This project provides a robust, production-ready solution for detecting anomalies in univariate time series data. It uses the NGBoost (Natural Gradient Boosting) library to model the data distribution and identify values that fall outside of a statistically significant range. The application is built with a modular structure, using a configuration file for easy parameter management and a clear folder layout for maintainability.
-
Configurable Parameters: All model and file path parameters are managed via a config.json file, eliminating the need for long command-line arguments.
-
Modular Design: The project is split into logical modules (main.py, anomaly_detector.py, utils.py) for improved readability, reusability, and easier testing.
-
Model Persistence: The trained model can be saved and reloaded, allowing for efficient prediction on new data without re-training.
-
Structured Logging: Uses Python's built-in logging module for clear, timestamped output and error handling.
├── data/
│ ├── sensor_data_train.csv
│ └── sensor_data_test.csv
├── models/
│ └── model.pickle
├── src/
│ ├── anomaly_detector.py
│ └── utils.py
├── config.json
├── main.py
└── README.md
Clone the repository:
git clone https://github.com/AbrJA/anomaly-detector.git
cd your-repo-name
Before you begin, ensure you have Python 3.12 installed. The required libraries are listed in the requirements.txt file.

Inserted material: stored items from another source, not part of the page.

(* Let $m,n\ge 1$ and $1\le r<n$ be integers. Let $J\in\mathbb{C}^{m\times m}$ be unitary, let $p_1,\dots,p_n\in\mathbb{C}$, and let $H_1,\dots,H_n\in\mathbb{C}^{m}$ (column vectors) be nonzero with $H_i^\dagger H_i=-(p_i+p_i^* )$ for every $i$ (so $\mathrm{Re}\,p_i<0$). Define the first-order cavity transfer function matrices $$\tilde K_i(s)=I+\frac{H_iH_i^\dagger}{p_i-s},\qquad i=1,\dots,n,$$ the transfer function matrix $K(s)=J\tilde K_n(s)\tilde K_{n-1}(s)\cdots\tilde K_1(s)$, and the approximation $$K_a(s)=J_a\,\tilde K_r(s)\tilde K_{r-1}(s)\cdots\tilde K_1(s),\qquad J_a=J\,\tilde K_n(0)\tilde K_{n-1}(0)\cdots\tilde K_{r+1}(0).$$ Then $K_a(s)$ is physically realizable (it is lossless bounded real and admits a physically realizable state space realization), and the error $K_e(s)=K(s)-K_a(s)$ satisfies $$\|K_e(j\omega)\|\le\sum_{k=1}^{n-r}B_k(\omega)\quad\text{for all }\omega\ge 0,$$ where $\|\cdot\|$ is the induced (spectral) matrix norm, $j$ is the imaginary unit, and $$B_k(\omega)=\omega\sum_{r+1\le i_1<i_2<\dots<i_k\le n}C_{i_1,\dots,i_k}(\omega),$$ $$C_{i_1,\dots,i_k}(\omega)=\left|\sum_{q=0}^{k-1}(-j\omega)^{k-1-q}\,e_q(p_{i_1},\dots,p_{i_k})\right|\cdot\frac{\prod_{l=1}^k\big(-(p_{i_l}+p_{i_l}^* )\big)}{\prod_{l=1}^k|p_{i_l}|\,|p_{i_l}-j\omega|},$$ with $e_q$ the $q$-th elementary symmetric polynomial ($e_0=1$).
   Context: A linear quantum system is given by $da=Fa\,dt+G\,du$, $dy=\bar H a\,dt+J\,du$ with $F\in\mathbb{C}^{n\times n}$, $G\in\mathbb{C}^{n\times m}$, $\bar H\in\mathbb{C}^{m\times n}$, $J\in\mathbb{C}^{m\times m}$; its transfer function is $\bar H(sI-F)^{-1}G+J$. It is physically realizable if there exist $\Theta=\Theta^\dagger>0$, $\Lambda$, $M=M^\dagger$, $S$ with $S^\dagger S=I$ such that $F=-\Theta(iM+\tfrac12\Lambda^\dagger\Lambda)$, $G=-\Theta\Lambda^\dagger S$, $\bar H=\Lambda$, $J=S$; equivalently, there is $\Theta=\Theta^\dagger>0$ with $F\Theta+\Theta F^\dagger+GG^\dagger=0$, $G=-\Theta\bar H^\dagger J$, $J^\dagger J=I$. A transfer function matrix $\Phi(s)$ realized by $(F,G,\bar H,J)$ is lossless bounded real if $F$ is Hurwitz and $\Phi(i\omega)^\dagger\Phi(i\omega)=I$ for all real $\omega$. $^\dagger$ denotes conjugate transpose and $^*$ complex conjugation. Each $\tilde K_i$ is the transfer function of the generalized cavity $da_i=p_ia_i\,dt-H_i^\dagger du$, $dy=H_ia_i\,dt+du$. *)

theory Defs
  imports "HOL-Analysis.Analysis" "Jordan_Normal_Form.Gauss_Jordan_Elimination"
    "Jordan_Normal_Form.Char_Poly"
begin

definition adj :: "complex mat \<Rightarrow> complex mat" where
  "adj A = mat (dim_col A) (dim_row A) (\<lambda>(i,j). cnj (A $$ (j,i)))"

definition vnorm :: "complex vec \<Rightarrow> real" where
  "vnorm v = sqrt (\<Sum>i<dim_vec v. (cmod (v $ i))\<^sup>2)"

definition opnorm :: "complex mat \<Rightarrow> real" where
  "opnorm A = Sup {vnorm (A *\<^sub>v x) | x. x \<in> carrier_vec (dim_col A) \<and> vnorm x \<le> 1}"

(* matrix inverse of a square matrix (meaningful when invertible) *)
definition minv :: "complex mat \<Rightarrow> complex mat" where
  "minv A = the (mat_inverse A)"

definition hermitian :: "complex mat \<Rightarrow> bool" where
  "hermitian A \<longleftrightarrow> adj A = A"

definition pos_def :: "complex mat \<Rightarrow> bool" where
  "pos_def A \<longleftrightarrow> dim_row A = dim_col A \<and> hermitian A \<and>
     (\<forall>x \<in> carrier_vec (dim_col A). x \<noteq> 0\<^sub>v (dim_col A) \<longrightarrow>
        0 < Re (\<Sum>a<dim_col A. cnj (x $ a) * (A *\<^sub>v x) $ a))"

definition hurwitz :: "complex mat \<Rightarrow> bool" where
  "hurwitz F \<longleftrightarrow> (\<forall>k. eigenvalue F k \<longrightarrow> Re k < 0)"

definition phys_realizable :: "nat \<Rightarrow> nat \<Rightarrow> complex mat \<Rightarrow> complex mat \<Rightarrow> complex mat \<Rightarrow> complex mat \<Rightarrow> bool" where
  "phys_realizable N m F G H D \<longleftrightarrow>
     (\<exists>\<Theta> \<Lambda> M S. \<Theta> \<in> carrier_mat N N \<and> pos_def \<Theta> \<and>
        \<Lambda> \<in> carrier_mat m N \<and> M \<in> carrier_mat N N \<and> hermitian M \<and>
        S \<in> carrier_mat m m \<and> adj S * S = 1\<^sub>m m \<and>
        F = - (\<Theta> * (\<i> \<cdot>\<^sub>m M + (1/2) \<cdot>\<^sub>m (adj \<Lambda> * \<Lambda>))) \<and>
        G = - (\<Theta> * adj \<Lambda> * S) \<and> H = \<Lambda> \<and> D = S)"

definition mprod :: "nat \<Rightarrow> complex mat list \<Rightarrow> complex mat" where
  "mprod m As = foldr (\<lambda>A B. A * B) As (1\<^sub>m m)"

definition cavity :: "nat \<Rightarrow> complex \<Rightarrow> complex vec \<Rightarrow> complex \<Rightarrow> complex mat" where
  "cavity m p h s = 1\<^sub>m m + (1 / (p - s)) \<cdot>\<^sub>m mat m m (\<lambda>(a,b). h $ a * cnj (h $ b))"

definition cprod :: "nat \<Rightarrow> (nat \<Rightarrow> complex) \<Rightarrow> (nat \<Rightarrow> complex vec) \<Rightarrow> nat \<Rightarrow> nat \<Rightarrow> complex \<Rightarrow> complex mat" where
  "cprod m p H lo hi s = mprod m (map (\<lambda>i. cavity m (p i) (H i) s) (rev [lo..<Suc hi]))"

definition esym :: "nat \<Rightarrow> (nat \<Rightarrow> complex) \<Rightarrow> nat set \<Rightarrow> complex" where
  "esym q p I = (\<Sum>T \<in> {T. T \<subseteq> I \<and> card T = q}. \<Prod>i\<in>T. p i)"

definition Cterm :: "(nat \<Rightarrow> complex) \<Rightarrow> nat set \<Rightarrow> real \<Rightarrow> real" where
  "Cterm p I \<omega> =
     cmod (\<Sum>q<card I. (- \<i> * complex_of_real \<omega>) ^ (card I - 1 - q) * esym q p I) *
     ((\<Prod>i\<in>I. - Re (p i + cnj (p i))) / (\<Prod>i\<in>I. cmod (p i) * cmod (p i - \<i> * complex_of_real \<omega>)))"

definition Bterm :: "nat \<Rightarrow> nat \<Rightarrow> (nat \<Rightarrow> complex) \<Rightarrow> nat \<Rightarrow> real \<Rightarrow> real" where
  "Bterm r n p k \<omega> = \<omega> * (\<Sum>I \<in> {I. I \<subseteq> {r+1..n} \<and> card I = k}. Cterm p I \<omega>)"

end

theory Submission imports Defs begin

Create and activate a virtual environment (recommended):
python -m venv .venv
source .venv/bin/activate # On Windows, use `.venv\Scripts\activate`
Install the dependencies:
pip install -r requirements.txt
Run the application:
python main.py --config config.yaml
You can run the application in a containerized environment using Docker.
Build the Docker image:
[sudo] docker build -t anomaly-detector .
Run the container:
[sudo] docker run -v "$(pwd)/cache":/detector --name anomaly-detector-cont anomaly-detector
Note: Make sure to update your Dockerfile
to copy your training and test data files into the image and create a cache directory.
-
Prepare your data: Place your training data and test data in some place, for instance, inside the datasets/ folder. Ensure both files have timestamp and value columns.
-
Configure the
config.json
file: Update the file paths and model parameters in config.json to match your needs.
train_file: Path to the training data.
test_file: Path to the test data.
pred_file: Path where the output CSV with anomalies will be saved.
load_model_path: Path to load the trained model.
save_model_path: Path to save the trained model.
alpha: Significance level (e.g., 0.05 for a 95% confidence interval).
distribution: The statistical distribution for the NGBoost model (e.g., "normal").
n_estimators: Number of boosting rounds (trees).
learning_rate: Step size shrinkage used in update to prevent overfitting.
minibatch_frac: Fraction of data to use for each boosting iteration.
col_sample: Fraction of features to use for each boosting iteration.
The script will generate two main outputs:
-
Console Logs: Detailed logs will be printed to the console, showing the training process, model metrics, and the anomaly detection summary.
-
Output File: A new CSV file (as specified in pred_file in config.json) will be created, containing the test data with a new anomaly column (True for anomalies, False otherwise).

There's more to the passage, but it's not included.